::: EXERCISE DATA :::

(* Let $N\ge1$, $\sigma\ge0$, and let $(x_i(t),v_i(t))_{i=1}^N$, $t\ge0$, be a solution of $$\dot x_i=v_i,\qquad \dot v_i=-\frac{\|v_i\|^2}{\|x_i\|^2}x_i+\sum_{j=1}^N\frac{\psi_{ij}}{N}\big(R(x_j,x_i)v_j-v_i\big)+\sum_{k=1}^N\frac{\sigma}{N}\big(\|x_i\|^2x_k-\langle x_i,x_k\rangle x_i\big),$$ with initial data satisfying $\|x_i(0)\|=1$ and $\langle v_i(0),x_i(0)\rangle=0$ for all $i$, where the $\psi_{ij}$ are nonnegative bounded functions with $\psi_{ij}=\psi_{ji}$ for all $i,j$. Then $$\frac{d\mathcal{E}}{dt}=-\sum_{i,j=1}^N\frac{\psi_{ij}}{N^2}\big\|R(x_j,x_i)v_j-v_i\big\|^2,$$ and for all $t\ge0$, $$\mathcal{V}(t):=\max_{1\le i\le N}\|v_i(t)\|\le\sqrt{N\mathcal{E}(0)}.$$
   Context: $\|\cdot\|$ is the Euclidean norm and $\langle\cdot,\cdot\rangle$ the standard inner product on $\mathbb{R}^3$. For column vectors $x_1,x_2\in\mathbb{S}^2$ with $x_1\neq -x_2$: $R(x_1,x_2)=I$ if $x_1=x_2$, and otherwise $R(x_1,x_2)=\langle x_1,x_2\rangle I-x_1x_2^T+x_2x_1^T+(1-\langle x_1,x_2\rangle)uu^T$ with $u=\frac{x_1\times x_2}{\|x_1\times x_2\|}$. When $x_j=-x_i$, the terms $\psi_{ij}R(x_j,x_i)v_j$ and $\psi_{ij}\|R(x_j,x_i)v_j-v_i\|^2$ are taken to be $0$. The energy is $\mathcal{E}=\mathcal{E}_K+\mathcal{E}_C$ with $\mathcal{E}_K(t)=\frac1N\sum_{k=1}^N\|v_k(t)\|^2$ and $\mathcal{E}_C(t)=\frac{\sigma}{2N^2}\sum_{k,l=1}^N\|x_k(t)-x_l(t)\|^2$. *)

theory Defs
  imports "HOL-Analysis.Analysis"
begin

definition outer3 :: "real^3 \<Rightarrow> real^3 \<Rightarrow> real^3^3" where
  "outer3 a b = (\<chi> i j. a $ i * b $ j)"

definition Rmat :: "real^3 \<Rightarrow> real^3 \<Rightarrow> real^3^3" where
  "Rmat x1 x2 =
     (if x1 = x2 then mat 1
      else (let u = (1 / norm (cross3 x1 x2)) *\<^sub>R cross3 x1 x2 in
            (x1 \<bullet> x2) *\<^sub>R mat 1 - outer3 x1 x2 + outer3 x2 x1
            + (1 - x1 \<bullet> x2) *\<^sub>R outer3 u u))"

definition align_term :: "real^3 \<Rightarrow> real^3 \<Rightarrow> real^3 \<Rightarrow> real^3 \<Rightarrow> real^3" where
  "align_term xj xi vj vi = (if xj = - xi then 0 else Rmat xj xi *v vj - vi)"

definition energy :: "real \<Rightarrow> ('i::finite \<Rightarrow> real^3) \<Rightarrow> ('i \<Rightarrow> real^3) \<Rightarrow> real" where
  "energy \<sigma> x v =
     (1 / real CARD('i)) * (\<Sum>k\<in>UNIV. (norm (v k))^2)
     + \<sigma> / (2 * (real CARD('i))^2) * (\<Sum>k\<in>UNIV. \<Sum>l\<in>UNIV. (norm (x k - x l))^2)"

end

theory Submission
  imports Defs
begin

(* R(x_j, x_i) is the Rodrigues rotation about x_j \<times> x_i taking x_j to x_i, so it is an isometry
   and <x_i, R(x_j, x_i) w> = |x_i|^2 <x_j, w>. Hence along any solution the derivatives of the
   defects |x_i|^2 - 1 and <x_i, v_i> are bounded linearly by the defects themselves, with
   coefficients bounded on compact time intervals; the sum of their squares obeys L' <= K L, and
   since it vanishes initially, Gronwall keeps it zero: the particles stay on the sphere with
   tangent velocities. There the bonding force does no net work against the potential energy,
   and the isometry gives 2 <v_i, R v_j - v_i> + |R v_j - v_i|^2 = |v_j|^2 - |v_i|^2, which
   cancels in the double sum by the symmetry of psi. What is left is the dissipation identity, so
   E is nonincreasing, and |v_i|^2 <= N E_K <= N E gives the velocity bound. *)

unbundle cross3_syntax

section \<open>The rotation matrix\<close>

lemma outer3_mult_vector: "outer3 a b *v w = (b \<bullet> w) *\<^sub>R a"
  by (simp add: vec_eq_iff outer3_def matrix_vector_mult_def inner_vec_def sum_3 algebra_simps)

lemma cross_cross_left: "(a \<times> b) \<times> w = (a \<bullet> w) *\<^sub>R b - (b \<bullet> w) *\<^sub>R a"
  by (metis Lagrange cross_skew inner_commute minus_diff_eq)

text \<open>Rodrigues' form of the rotation about \<open>a \<times> b\<close> taking \<open>a\<close> to \<open>b\<close> (for unit vectors).\<close>

lemma Rmat_mult_vector:
  assumes "a \<noteq> b"
  shows "Rmat a b *v w = (a \<bullet> b) *\<^sub>R w + (a \<times> b) \<times> w
           + ((1 - a \<bullet> b) * ((a \<times> b) \<bullet> w) / (norm (a \<times> b))\<^sup>2) *\<^sub>R (a \<times> b)"
  using assms
  by (simp add: Rmat_def Let_def cross_cross_left matrix_vector_mult_add_rdistrib
      matrix_vector_mult_diff_rdistrib scaleR_matrix_vector_assoc[symmetric] outer3_mult_vector
      inner_commute power2_eq_square)

lemma inner_Rmat_target:
  "b \<bullet> (Rmat a b *v w) = (if a = b then b \<bullet> w else (b \<bullet> b) * (a \<bullet> w))"
proof (cases "a = b")
  case True
  then show ?thesis by (simp add: Rmat_def)
next
  case False
  have "b \<bullet> (a \<times> b) = 0"
    by (simp add: inner_commute dot_cross_self)
  with False show ?thesis
    by (simp add: Rmat_mult_vector cross_cross_left inner_add_right inner_diff_right inner_commute)
qed

lemma unit_cross_eq_0:
  assumes a: "norm a = 1" and b: "norm b = 1" and "a \<times> b = 0"
  shows "a = b \<or> a = - b"
proof -
  have ba: "b = (a \<bullet> b) *\<^sub>R a"
    using Lagrange[of a a b] assms by (simp add: inner_commute norm_eq_1[THEN iffD1])
  then have "\<bar>a \<bullet> b\<bar> = 1"
    using a b by (metis mult.right_neutral norm_scaleR)
  then consider "a \<bullet> b = 1" | "a \<bullet> b = -1"
    by linarith
  then show ?thesis
    using ba by cases auto
qed

lemma norm_Rmat_mult_vector:
  assumes a: "norm a = 1" and b: "norm b = 1" and "a \<noteq> - b"
  shows "norm (Rmat a b *v w) = norm w"
proof (cases "a = b")
  case True
  then show ?thesis by (simp add: Rmat_def)
next
  case False
  define c where "c = a \<bullet> b"
  define n where "n = a \<times> b"
  define k where "k = (n \<bullet> w) / (1 + c)"
  have nn: "(norm n)\<^sup>2 = (1 - c) * (1 + c)"
    using norm_cross[of a b] a b by (simp add: n_def c_def power2_eq_square algebra_simps)
  have "n \<noteq> 0"
    using unit_cross_eq_0[OF a b] False assms(3) by (auto simp: n_def)
  then have "1 - c \<noteq> 0" "1 + c \<noteq> 0"
    using nn by auto
  have Rw: "Rmat a b *v w = c *\<^sub>R w + n \<times> w + k *\<^sub>R n"
  proof -
    have "(1 - c) * (n \<bullet> w) / (norm n)\<^sup>2 = k"
      using \<open>1 - c \<noteq> 0\<close> unfolding nn k_def by simp
    then show ?thesis
      using Rmat_mult_vector[OF False] by (simp add: c_def n_def)
  qed
  have nn': "n \<bullet> n = (1 - c) * (1 + c)"
    using nn by (simp add: power2_norm_eq_inner)
  have nw: "n \<bullet> w = k * (1 + c)"
    using \<open>1 + c \<noteq> 0\<close> by (simp add: k_def)
  have kk: "k\<^sup>2 * (n \<bullet> n) + 2 * c * k * (n \<bullet> w) = (n \<bullet> w)\<^sup>2"
    unfolding nn' nw by (simp add: power2_eq_square algebra_simps)
  have Q: "(n \<times> w) \<bullet> (n \<times> w) = (n \<bullet> n) * (w \<bullet> w) - (n \<bullet> w)\<^sup>2"
    using norm_cross[of n w] by (simp only: power2_norm_eq_inner)
  have "(c *\<^sub>R w + n \<times> w + k *\<^sub>R n) \<bullet> (c *\<^sub>R w + n \<times> w + k *\<^sub>R n)
        = c\<^sup>2 * (w \<bullet> w) + (n \<times> w) \<bullet> (n \<times> w) + (k\<^sup>2 * (n \<bullet> n) + 2 * c * k * (n \<bullet> w))"
    by (simp add: inner_add_left inner_add_right dot_cross_self cross_triple[of n w n] inner_commute
        power2_eq_square algebra_simps)
  also have "\<dots> = w \<bullet> w"
    unfolding kk unfolding Q nn' by (simp add: power2_eq_square algebra_simps)
  finally show ?thesis
    unfolding Rw by (simp only: norm_eq_sqrt_inner)
qed

section \<open>Finite double sums\<close>

lemma sum_symmetric_weighted_differences:
  assumes "finite I" and "\<And>i j. w i j = w j i"
  shows "(\<Sum>i\<in>I. \<Sum>j\<in>I. w i j * (f j - f i)) = (0::real)"
proof -
  have "(\<Sum>i\<in>I. \<Sum>j\<in>I. w i j * f j) = (\<Sum>i\<in>I. \<Sum>j\<in>I. w i j * f i)"
    by (subst sum.swap) (simp add: assms(2))
  then show ?thesis
    by (simp add: right_diff_distrib sum_subtractf)
qed

lemma sum_inner_pairwise_differences:
  fixes x v :: "'i \<Rightarrow> 'a::real_inner"
  assumes "finite I" and "\<And>k. k \<in> I \<Longrightarrow> x k \<bullet> v k = 0"
  shows "(\<Sum>k\<in>I. \<Sum>l\<in>I. (x k - x l) \<bullet> (v k - v l)) = - 2 * (\<Sum>k\<in>I. \<Sum>l\<in>I. v k \<bullet> x l)"
proof -
  have "(\<Sum>k\<in>I. \<Sum>l\<in>I. (x k - x l) \<bullet> (v k - v l))
          = - (\<Sum>k\<in>I. \<Sum>l\<in>I. v l \<bullet> x k) - (\<Sum>k\<in>I. \<Sum>l\<in>I. v k \<bullet> x l)"
    using assms(2)
    by (simp add: inner_diff_left inner_diff_right inner_commute sum_subtractf sum_negf[symmetric])
  also have "(\<Sum>k\<in>I. \<Sum>l\<in>I. v l \<bullet> x k) = (\<Sum>k\<in>I. \<Sum>l\<in>I. v k \<bullet> x l)"
    by (rule sum.swap)
  finally show ?thesis
    by simp
qed

text \<open>The left-hand side is the derivative of \<open>\<Sum>i. a i\<^sup>2 + b i\<^sup>2\<close> when \<open>a i' = 2 * b i\<close> and \<open>b i' = d i\<close>.\<close>

lemma sum_quadratic_growth_bound:
  fixes a b d :: "'i \<Rightarrow> real"
  assumes "finite I" and "0 \<le> C"
    and d: "\<And>i. i \<in> I \<Longrightarrow> \<bar>d i\<bar> \<le> C * (\<bar>a i\<bar> + (\<Sum>j\<in>I. \<bar>b j\<bar>))"
  shows "(\<Sum>i\<in>I. 2 * a i * (2 * b i) + 2 * b i * d i)
           \<le> (2 + C + 2 * C * card I) * (\<Sum>i\<in>I. (a i)\<^sup>2 + (b i)\<^sup>2)"
proof -
  have per: "2 * a i * (2 * b i) + 2 * b i * d i
               \<le> (2 + C) * ((a i)\<^sup>2 + (b i)\<^sup>2) + C * (\<Sum>j\<in>I. (b i)\<^sup>2 + (b j)\<^sup>2)" if "i \<in> I" for i
  proof -
    have "2 * b i * d i \<le> 2 * \<bar>b i\<bar> * \<bar>d i\<bar>"
      using abs_ge_self[of "2 * b i * d i"] by (simp add: abs_mult)
    also have "\<dots> \<le> 2 * \<bar>b i\<bar> * (C * (\<bar>a i\<bar> + (\<Sum>j\<in>I. \<bar>b j\<bar>)))"
      using d[OF that] by (intro mult_left_mono; simp)
    also have "\<dots> = C * (2 * \<bar>a i\<bar> * \<bar>b i\<bar>) + C * (\<Sum>j\<in>I. 2 * \<bar>b i\<bar> * \<bar>b j\<bar>)"
      by (simp add: sum_distrib_left algebra_simps)
    also have "\<dots> \<le> C * ((a i)\<^sup>2 + (b i)\<^sup>2) + C * (\<Sum>j\<in>I. (b i)\<^sup>2 + (b j)\<^sup>2)"
      using sum_squares_bound[of "\<bar>a i\<bar>" "\<bar>b i\<bar>"] sum_squares_bound[of "\<bar>b i\<bar>" "\<bar>b _\<bar>"] \<open>0 \<le> C\<close>
      by (intro add_mono mult_left_mono sum_mono; simp)
    finally have "2 * b i * d i \<le> C * ((a i)\<^sup>2 + (b i)\<^sup>2) + C * (\<Sum>j\<in>I. (b i)\<^sup>2 + (b j)\<^sup>2)" .
    moreover have "2 * a i * (2 * b i) \<le> 2 * ((a i)\<^sup>2 + (b i)\<^sup>2)"
      using sum_squares_bound[of "a i" "b i"] by simp
    ultimately show ?thesis
      by (simp add: distrib_right)
  qed
  have "(\<Sum>i\<in>I. 2 * a i * (2 * b i) + 2 * b i * d i)
          \<le> (\<Sum>i\<in>I. (2 + C) * ((a i)\<^sup>2 + (b i)\<^sup>2) + C * (\<Sum>j\<in>I. (b i)\<^sup>2 + (b j)\<^sup>2))"
    using per by (rule sum_mono)
  also have "\<dots> = (2 + C) * (\<Sum>i\<in>I. (a i)\<^sup>2 + (b i)\<^sup>2) + 2 * C * card I * (\<Sum>i\<in>I. (b i)\<^sup>2)"
    by (simp add: sum.distrib sum_distrib_left[symmetric] algebra_simps)
  also have "\<dots> \<le> (2 + C) * (\<Sum>i\<in>I. (a i)\<^sup>2 + (b i)\<^sup>2) + 2 * C * card I * (\<Sum>i\<in>I. (a i)\<^sup>2 + (b i)\<^sup>2)"
    using \<open>0 \<le> C\<close> by (intro add_left_mono mult_left_mono sum_mono; simp)
  finally show ?thesis
    by (simp add: distrib_right)
qed

section \<open>Differential inequalities\<close>

lemma DERIV_nonpos_within_imp_decreasing:
  fixes f :: "real \<Rightarrow> real"
  assumes "a \<le> b" and "{a..b} \<subseteq> S"
    and deriv: "\<And>s. s \<in> {a..b} \<Longrightarrow> (f has_real_derivative f' s) (at s within S)"
    and nonpos: "\<And>s. s \<in> {a..b} \<Longrightarrow> f' s \<le> 0"
  shows "f b \<le> f a"
proof (rule DERIV_nonpos_imp_decreasing_open[OF \<open>a \<le> b\<close>])
  fix s assume s: "a < s" "s < b"
  have "at s within S = at s"
    using s \<open>{a..b} \<subseteq> S\<close> by (intro at_within_open_subset[of _ "{a<..<b}"]) auto
  then show "\<exists>y. (f has_real_derivative y) (at s) \<and> y \<le> 0"
    using deriv[of s] nonpos[of s] s by auto
next
  have "(f has_real_derivative f' s) (at s within {a..b})" if "s \<in> {a..b}" for s
    using deriv[OF that] \<open>{a..b} \<subseteq> S\<close> by (rule has_field_derivative_subset)
  then show "continuous_on {a..b} f"
    using DERIV_continuous continuous_on_eq_continuous_within by blast
qed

:::

Using the entries above, return exactly the lines from the line with "using \<open>0 \<le>" to the line with "using deriv[OF that]", counting both of those lines.

    using \<open>0 \<le> C\<close> by (intro add_left_mono mult_left_mono sum_mono; simp)
  finally show ?thesis
    by (simp add: distrib_right)
qed

section \<open>Differential inequalities\<close>

lemma DERIV_nonpos_within_imp_decreasing:
  fixes f :: "real \<Rightarrow> real"
  assumes "a \<le> b" and "{a..b} \<subseteq> S"
    and deriv: "\<And>s. s \<in> {a..b} \<Longrightarrow> (f has_real_derivative f' s) (at s within S)"
    and nonpos: "\<And>s. s \<in> {a..b} \<Longrightarrow> f' s \<le> 0"
  shows "f b \<le> f a"
proof (rule DERIV_nonpos_imp_decreasing_open[OF \<open>a \<le> b\<close>])
  fix s assume s: "a < s" "s < b"
  have "at s within S = at s"
    using s \<open>{a..b} \<subseteq> S\<close> by (intro at_within_open_subset[of _ "{a<..<b}"]) auto
  then show "\<exists>y. (f has_real_derivative y) (at s) \<and> y \<le> 0"
    using deriv[of s] nonpos[of s] s by auto
next
  have "(f has_real_derivative f' s) (at s within {a..b})" if "s \<in> {a..b}" for s
    using deriv[OF that] \<open>{a..b} \<subseteq> S\<close> by (rule has_field_derivative_subset)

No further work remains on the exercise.